Dataset section start

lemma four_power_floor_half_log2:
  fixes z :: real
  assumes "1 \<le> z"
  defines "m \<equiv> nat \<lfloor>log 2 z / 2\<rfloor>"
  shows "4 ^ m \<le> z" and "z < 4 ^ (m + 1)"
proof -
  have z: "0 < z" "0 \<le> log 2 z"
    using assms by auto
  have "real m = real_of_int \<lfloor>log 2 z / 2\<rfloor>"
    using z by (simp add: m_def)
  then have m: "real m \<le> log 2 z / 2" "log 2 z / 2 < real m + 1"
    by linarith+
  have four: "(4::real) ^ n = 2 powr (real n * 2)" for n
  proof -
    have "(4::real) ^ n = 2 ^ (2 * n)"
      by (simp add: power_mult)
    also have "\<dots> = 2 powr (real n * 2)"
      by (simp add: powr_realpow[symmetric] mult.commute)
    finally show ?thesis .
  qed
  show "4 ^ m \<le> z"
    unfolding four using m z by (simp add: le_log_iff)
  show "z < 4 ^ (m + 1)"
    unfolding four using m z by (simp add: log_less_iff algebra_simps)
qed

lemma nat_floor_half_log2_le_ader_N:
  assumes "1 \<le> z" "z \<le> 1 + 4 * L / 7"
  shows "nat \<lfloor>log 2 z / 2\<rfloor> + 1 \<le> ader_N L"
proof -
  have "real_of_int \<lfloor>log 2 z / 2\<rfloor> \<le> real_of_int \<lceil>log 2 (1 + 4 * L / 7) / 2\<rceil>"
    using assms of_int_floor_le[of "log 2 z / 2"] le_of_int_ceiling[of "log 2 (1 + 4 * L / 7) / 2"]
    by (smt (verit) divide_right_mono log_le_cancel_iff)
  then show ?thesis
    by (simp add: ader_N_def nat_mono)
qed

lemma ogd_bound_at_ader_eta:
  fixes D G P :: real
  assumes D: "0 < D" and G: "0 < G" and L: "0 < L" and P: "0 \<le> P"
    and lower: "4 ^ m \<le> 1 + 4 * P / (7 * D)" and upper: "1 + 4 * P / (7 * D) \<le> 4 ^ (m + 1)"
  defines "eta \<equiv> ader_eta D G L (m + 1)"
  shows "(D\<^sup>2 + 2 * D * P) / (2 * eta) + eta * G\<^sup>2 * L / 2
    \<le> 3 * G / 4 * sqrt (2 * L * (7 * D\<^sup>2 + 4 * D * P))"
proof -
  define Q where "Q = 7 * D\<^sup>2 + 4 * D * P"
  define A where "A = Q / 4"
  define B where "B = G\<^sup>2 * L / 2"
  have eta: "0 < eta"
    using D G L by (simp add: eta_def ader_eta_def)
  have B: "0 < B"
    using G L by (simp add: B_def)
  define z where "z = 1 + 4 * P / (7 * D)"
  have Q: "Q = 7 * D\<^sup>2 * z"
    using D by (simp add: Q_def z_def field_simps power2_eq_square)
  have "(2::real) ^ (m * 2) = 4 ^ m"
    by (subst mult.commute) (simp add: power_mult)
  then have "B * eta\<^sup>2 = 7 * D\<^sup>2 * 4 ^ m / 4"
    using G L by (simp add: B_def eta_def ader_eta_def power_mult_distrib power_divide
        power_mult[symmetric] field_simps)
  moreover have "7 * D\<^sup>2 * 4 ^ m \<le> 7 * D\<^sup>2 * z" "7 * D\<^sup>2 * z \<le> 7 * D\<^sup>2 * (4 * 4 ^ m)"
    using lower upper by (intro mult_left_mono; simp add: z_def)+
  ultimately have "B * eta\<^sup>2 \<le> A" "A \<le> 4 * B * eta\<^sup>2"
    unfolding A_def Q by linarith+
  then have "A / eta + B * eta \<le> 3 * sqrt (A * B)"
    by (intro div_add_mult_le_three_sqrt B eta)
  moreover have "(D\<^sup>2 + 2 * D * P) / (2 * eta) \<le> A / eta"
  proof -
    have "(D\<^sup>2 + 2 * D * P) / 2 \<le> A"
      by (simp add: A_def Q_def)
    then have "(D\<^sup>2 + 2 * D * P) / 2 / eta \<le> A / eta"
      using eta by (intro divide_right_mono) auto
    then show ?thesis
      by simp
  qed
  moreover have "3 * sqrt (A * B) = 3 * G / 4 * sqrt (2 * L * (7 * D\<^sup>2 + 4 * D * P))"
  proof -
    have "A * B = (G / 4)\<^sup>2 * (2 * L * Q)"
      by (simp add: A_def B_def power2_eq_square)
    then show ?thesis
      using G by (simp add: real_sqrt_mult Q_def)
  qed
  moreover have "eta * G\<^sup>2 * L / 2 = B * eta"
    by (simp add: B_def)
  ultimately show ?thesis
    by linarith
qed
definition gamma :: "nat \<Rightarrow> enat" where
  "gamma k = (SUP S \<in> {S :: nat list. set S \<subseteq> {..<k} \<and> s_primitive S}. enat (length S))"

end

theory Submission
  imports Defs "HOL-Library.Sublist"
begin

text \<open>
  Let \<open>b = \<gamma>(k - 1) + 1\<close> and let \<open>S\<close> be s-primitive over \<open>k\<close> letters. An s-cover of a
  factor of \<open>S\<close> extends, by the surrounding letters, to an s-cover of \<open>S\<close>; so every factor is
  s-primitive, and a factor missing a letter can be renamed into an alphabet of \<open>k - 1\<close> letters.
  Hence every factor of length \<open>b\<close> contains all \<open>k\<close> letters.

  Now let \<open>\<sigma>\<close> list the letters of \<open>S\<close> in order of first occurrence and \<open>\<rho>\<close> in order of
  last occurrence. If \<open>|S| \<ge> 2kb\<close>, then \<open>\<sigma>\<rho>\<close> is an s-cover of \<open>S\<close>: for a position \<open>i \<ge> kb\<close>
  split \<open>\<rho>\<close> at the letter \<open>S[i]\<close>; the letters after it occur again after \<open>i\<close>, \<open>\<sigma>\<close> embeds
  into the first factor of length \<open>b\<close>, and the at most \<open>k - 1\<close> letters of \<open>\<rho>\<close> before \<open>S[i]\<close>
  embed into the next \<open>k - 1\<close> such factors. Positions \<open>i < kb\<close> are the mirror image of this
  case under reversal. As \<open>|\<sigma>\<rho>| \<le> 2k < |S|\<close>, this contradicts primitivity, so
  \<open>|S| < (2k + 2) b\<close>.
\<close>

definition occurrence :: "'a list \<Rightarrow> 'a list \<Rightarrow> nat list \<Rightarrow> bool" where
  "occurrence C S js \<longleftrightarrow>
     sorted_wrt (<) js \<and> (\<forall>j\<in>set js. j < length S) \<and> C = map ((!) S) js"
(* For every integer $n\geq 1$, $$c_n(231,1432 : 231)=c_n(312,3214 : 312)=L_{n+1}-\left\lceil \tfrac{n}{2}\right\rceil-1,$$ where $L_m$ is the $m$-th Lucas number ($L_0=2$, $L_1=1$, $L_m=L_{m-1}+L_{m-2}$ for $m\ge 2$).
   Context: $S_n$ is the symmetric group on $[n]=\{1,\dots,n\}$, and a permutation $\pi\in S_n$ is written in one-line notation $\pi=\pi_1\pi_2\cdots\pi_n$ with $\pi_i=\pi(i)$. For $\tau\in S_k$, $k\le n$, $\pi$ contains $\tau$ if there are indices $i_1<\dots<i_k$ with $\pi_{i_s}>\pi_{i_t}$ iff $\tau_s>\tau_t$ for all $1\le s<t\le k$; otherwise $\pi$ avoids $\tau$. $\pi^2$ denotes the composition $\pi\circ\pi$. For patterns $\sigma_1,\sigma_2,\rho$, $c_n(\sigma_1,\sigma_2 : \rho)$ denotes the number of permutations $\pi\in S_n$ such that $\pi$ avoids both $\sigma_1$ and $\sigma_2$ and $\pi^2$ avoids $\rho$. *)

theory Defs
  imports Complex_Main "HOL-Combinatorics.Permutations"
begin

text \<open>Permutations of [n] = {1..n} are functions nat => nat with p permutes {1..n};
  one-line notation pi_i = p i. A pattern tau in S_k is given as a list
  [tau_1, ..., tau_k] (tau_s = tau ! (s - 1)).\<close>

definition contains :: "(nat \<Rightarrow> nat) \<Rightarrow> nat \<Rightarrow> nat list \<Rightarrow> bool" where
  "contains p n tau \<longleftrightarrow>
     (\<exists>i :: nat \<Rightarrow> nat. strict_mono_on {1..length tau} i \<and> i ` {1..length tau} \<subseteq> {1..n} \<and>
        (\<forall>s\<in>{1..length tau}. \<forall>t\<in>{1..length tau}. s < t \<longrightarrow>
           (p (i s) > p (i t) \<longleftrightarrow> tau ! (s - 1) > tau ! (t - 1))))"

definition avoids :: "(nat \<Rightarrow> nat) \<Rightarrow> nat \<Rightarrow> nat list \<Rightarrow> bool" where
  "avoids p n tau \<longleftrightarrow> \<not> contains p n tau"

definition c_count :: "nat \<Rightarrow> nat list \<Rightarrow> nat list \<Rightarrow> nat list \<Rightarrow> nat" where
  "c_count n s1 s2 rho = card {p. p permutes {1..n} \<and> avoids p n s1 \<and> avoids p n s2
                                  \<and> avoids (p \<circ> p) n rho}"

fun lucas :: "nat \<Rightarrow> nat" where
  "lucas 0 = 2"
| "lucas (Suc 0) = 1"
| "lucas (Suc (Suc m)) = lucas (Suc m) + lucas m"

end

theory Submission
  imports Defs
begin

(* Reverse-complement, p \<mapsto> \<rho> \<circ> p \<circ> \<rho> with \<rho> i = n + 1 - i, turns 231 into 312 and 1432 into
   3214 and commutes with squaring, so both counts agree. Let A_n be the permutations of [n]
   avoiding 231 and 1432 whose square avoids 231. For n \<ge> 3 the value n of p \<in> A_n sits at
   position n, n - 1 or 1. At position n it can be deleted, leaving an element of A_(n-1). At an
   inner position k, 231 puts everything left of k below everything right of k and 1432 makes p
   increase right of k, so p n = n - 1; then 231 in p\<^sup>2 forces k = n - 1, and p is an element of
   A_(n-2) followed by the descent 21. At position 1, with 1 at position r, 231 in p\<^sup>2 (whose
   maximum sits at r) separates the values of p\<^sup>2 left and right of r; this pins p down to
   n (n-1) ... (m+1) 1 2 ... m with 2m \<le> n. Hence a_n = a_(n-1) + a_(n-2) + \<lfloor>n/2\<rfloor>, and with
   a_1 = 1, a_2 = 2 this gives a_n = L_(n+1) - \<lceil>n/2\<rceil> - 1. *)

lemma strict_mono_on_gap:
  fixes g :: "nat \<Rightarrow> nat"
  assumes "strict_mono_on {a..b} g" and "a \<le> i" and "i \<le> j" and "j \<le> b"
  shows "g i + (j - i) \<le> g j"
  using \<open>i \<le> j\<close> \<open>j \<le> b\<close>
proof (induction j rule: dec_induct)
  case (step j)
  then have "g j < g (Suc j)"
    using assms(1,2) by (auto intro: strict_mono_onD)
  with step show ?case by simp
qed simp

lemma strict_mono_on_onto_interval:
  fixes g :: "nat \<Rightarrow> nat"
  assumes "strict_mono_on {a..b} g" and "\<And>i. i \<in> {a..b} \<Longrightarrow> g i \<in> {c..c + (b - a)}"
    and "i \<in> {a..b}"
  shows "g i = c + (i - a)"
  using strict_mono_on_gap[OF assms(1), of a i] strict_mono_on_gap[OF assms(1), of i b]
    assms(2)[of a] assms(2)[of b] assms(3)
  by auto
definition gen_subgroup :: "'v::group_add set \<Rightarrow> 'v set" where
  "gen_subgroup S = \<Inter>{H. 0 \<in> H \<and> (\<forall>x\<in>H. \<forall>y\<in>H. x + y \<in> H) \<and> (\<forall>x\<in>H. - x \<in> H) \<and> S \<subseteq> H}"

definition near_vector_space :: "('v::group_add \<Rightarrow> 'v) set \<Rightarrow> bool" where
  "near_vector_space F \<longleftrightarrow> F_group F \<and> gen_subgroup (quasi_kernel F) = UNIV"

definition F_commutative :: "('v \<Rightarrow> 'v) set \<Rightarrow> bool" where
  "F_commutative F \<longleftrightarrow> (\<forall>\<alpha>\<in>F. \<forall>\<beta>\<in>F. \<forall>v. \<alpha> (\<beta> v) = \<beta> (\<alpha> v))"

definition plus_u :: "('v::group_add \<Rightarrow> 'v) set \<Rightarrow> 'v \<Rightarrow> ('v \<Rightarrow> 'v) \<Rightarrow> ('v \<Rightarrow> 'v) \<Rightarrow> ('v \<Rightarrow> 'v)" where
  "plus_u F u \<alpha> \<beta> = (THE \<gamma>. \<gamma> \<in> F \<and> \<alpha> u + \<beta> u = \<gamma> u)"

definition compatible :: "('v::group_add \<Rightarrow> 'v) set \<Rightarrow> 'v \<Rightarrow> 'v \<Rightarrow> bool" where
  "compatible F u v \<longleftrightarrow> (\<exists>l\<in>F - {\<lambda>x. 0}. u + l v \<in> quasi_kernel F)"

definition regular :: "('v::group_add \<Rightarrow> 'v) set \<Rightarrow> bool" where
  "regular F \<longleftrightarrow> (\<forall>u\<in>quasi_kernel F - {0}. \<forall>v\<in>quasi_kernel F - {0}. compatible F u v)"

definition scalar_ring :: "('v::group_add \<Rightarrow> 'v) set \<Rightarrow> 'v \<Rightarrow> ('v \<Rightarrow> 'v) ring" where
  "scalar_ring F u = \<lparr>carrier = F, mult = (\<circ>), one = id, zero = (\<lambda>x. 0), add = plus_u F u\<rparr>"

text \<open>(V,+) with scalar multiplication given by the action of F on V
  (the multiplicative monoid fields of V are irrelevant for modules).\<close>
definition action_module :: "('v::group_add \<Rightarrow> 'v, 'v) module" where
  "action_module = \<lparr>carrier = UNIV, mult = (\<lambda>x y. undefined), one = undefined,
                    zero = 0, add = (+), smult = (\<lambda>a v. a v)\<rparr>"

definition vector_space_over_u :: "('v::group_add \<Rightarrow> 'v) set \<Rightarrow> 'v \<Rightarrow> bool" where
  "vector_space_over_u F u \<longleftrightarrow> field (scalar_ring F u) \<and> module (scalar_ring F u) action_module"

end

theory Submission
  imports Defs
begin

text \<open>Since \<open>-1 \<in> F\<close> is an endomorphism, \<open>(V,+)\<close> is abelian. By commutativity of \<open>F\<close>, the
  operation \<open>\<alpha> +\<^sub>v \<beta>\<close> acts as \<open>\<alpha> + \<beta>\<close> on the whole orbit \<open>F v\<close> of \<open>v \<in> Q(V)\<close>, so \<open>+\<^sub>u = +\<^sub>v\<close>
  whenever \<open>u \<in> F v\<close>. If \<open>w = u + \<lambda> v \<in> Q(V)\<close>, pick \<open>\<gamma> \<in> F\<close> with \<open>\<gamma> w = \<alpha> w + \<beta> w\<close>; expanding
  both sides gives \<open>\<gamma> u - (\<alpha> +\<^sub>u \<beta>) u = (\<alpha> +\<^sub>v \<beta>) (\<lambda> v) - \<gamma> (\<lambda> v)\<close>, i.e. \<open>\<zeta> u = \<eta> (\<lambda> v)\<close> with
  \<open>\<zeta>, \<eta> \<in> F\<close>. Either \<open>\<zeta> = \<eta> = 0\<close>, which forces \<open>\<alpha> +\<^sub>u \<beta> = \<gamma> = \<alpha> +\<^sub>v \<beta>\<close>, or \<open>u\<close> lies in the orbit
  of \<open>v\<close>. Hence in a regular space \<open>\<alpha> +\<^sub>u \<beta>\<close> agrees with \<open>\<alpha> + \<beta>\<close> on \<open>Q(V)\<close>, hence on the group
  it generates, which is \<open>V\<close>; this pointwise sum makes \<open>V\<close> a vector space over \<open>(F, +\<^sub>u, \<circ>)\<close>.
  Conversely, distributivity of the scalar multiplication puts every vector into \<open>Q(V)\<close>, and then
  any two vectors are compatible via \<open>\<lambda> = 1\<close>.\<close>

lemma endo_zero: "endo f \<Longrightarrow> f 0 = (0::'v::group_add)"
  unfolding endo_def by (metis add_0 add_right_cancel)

Dataset section end

• What you have to do: Show the lines of the listing above with "lceil".

• Result of this task:
  have "real_of_int \<lfloor>log 2 z / 2\<rfloor> \<le> real_of_int \<lceil>log 2 (1 + 4 * L / 7) / 2\<rceil>"
(* For every integer $n\geq 1$, $$c_n(231,1432 : 231)=c_n(312,3214 : 312)=L_{n+1}-\left\lceil \tfrac{n}{2}\right\rceil-1,$$ where $L_m$ is the $m$-th Lucas number ($L_0=2$, $L_1=1$, $L_m=L_{m-1}+L_{m-2}$ for $m\ge 2$).
   a_1 = 1, a_2 = 2 this gives a_n = L_(n+1) - \<lceil>n/2\<rceil> - 1. *)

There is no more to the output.